[MATERIAL FOR THE TASK Boundary: Start]

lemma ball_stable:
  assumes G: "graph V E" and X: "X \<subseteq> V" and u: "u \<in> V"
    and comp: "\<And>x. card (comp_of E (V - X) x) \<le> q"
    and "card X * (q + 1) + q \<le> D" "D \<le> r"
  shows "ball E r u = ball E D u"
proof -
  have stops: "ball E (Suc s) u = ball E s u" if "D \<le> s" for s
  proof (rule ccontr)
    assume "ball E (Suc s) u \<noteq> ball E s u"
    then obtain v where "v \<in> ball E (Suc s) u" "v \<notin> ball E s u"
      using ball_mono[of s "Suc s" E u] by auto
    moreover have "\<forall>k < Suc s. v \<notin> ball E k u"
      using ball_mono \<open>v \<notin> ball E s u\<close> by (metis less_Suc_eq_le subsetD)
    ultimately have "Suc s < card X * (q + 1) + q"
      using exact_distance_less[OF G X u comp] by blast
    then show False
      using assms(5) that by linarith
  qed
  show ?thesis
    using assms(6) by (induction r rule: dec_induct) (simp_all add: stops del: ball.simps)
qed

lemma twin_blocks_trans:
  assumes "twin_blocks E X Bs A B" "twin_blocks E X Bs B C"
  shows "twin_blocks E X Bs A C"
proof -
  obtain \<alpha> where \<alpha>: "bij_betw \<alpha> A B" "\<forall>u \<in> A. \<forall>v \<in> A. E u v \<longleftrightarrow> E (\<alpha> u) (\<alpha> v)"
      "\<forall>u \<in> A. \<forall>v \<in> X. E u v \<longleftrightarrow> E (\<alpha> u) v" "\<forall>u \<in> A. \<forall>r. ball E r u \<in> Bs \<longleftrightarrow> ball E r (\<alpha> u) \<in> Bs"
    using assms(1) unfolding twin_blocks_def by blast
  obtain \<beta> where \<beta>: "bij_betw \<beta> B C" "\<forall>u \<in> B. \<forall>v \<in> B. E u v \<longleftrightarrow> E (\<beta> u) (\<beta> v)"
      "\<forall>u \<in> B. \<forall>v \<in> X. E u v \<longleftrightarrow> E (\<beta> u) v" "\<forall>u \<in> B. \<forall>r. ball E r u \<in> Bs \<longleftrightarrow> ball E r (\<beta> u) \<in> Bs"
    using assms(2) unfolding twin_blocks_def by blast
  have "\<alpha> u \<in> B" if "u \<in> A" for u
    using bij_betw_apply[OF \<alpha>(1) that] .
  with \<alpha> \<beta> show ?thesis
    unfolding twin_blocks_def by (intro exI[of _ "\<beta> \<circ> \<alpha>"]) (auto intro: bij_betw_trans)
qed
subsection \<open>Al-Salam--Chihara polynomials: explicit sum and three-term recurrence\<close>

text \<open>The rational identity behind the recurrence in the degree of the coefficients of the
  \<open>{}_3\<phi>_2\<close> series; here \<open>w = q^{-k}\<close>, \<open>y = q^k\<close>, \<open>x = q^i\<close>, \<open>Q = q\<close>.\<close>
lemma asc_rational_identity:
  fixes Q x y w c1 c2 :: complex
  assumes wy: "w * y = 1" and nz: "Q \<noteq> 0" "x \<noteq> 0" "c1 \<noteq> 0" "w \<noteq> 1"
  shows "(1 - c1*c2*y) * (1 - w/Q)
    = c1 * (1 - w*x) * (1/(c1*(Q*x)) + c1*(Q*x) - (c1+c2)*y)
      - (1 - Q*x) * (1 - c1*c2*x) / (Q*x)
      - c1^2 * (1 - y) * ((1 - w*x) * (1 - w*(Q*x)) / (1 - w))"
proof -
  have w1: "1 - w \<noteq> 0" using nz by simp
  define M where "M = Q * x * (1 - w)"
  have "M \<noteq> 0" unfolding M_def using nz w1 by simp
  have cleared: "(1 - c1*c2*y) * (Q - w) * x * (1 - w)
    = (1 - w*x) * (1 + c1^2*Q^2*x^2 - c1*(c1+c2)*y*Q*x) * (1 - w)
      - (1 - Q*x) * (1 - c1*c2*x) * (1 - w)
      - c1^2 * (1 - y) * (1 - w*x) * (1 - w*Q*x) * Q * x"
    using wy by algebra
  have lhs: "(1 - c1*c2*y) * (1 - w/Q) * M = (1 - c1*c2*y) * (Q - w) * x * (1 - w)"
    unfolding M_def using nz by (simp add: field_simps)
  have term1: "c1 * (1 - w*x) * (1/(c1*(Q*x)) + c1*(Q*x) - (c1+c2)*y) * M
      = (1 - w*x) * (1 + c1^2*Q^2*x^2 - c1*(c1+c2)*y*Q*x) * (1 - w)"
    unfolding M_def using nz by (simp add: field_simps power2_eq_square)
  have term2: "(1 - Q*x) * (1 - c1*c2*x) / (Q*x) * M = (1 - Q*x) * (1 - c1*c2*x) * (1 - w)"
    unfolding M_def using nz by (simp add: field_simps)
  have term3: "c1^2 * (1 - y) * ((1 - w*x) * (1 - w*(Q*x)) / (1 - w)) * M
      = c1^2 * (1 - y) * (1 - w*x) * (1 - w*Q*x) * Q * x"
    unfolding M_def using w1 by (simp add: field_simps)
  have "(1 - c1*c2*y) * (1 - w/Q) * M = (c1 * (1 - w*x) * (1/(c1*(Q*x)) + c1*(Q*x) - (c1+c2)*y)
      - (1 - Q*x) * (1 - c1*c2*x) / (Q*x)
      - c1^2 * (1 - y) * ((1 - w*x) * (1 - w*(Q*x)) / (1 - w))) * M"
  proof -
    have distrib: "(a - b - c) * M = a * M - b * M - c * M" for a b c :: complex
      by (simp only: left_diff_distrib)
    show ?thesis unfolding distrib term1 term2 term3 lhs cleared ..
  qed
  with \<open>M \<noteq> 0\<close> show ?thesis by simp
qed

[MATERIAL FOR THE TASK Boundary: End]

** YOUR INSTRUCTIONS **
Set the entries down again exactly, beginning with their first line and ending with the line that contains "using exact_distance_less[OF G"; omit all other lines.

** PROBLEM SOLUTION **
lemma ball_stable:
  assumes G: "graph V E" and X: "X \<subseteq> V" and u: "u \<in> V"
    and comp: "\<And>x. card (comp_of E (V - X) x) \<le> q"
    and "card X * (q + 1) + q \<le> D" "D \<le> r"
  shows "ball E r u = ball E D u"
proof -
  have stops: "ball E (Suc s) u = ball E s u" if "D \<le> s" for s
  proof (rule ccontr)
    assume "ball E (Suc s) u \<noteq> ball E s u"
    then obtain v where "v \<in> ball E (Suc s) u" "v \<notin> ball E s u"
      using ball_mono[of s "Suc s" E u] by auto
    moreover have "\<forall>k < Suc s. v \<notin> ball E k u"
      using ball_mono \<open>v \<notin> ball E s u\<close> by (metis less_Suc_eq_le subsetD)
    ultimately have "Suc s < card X * (q + 1) + q"
      using exact_distance_less[OF G X u comp] by blast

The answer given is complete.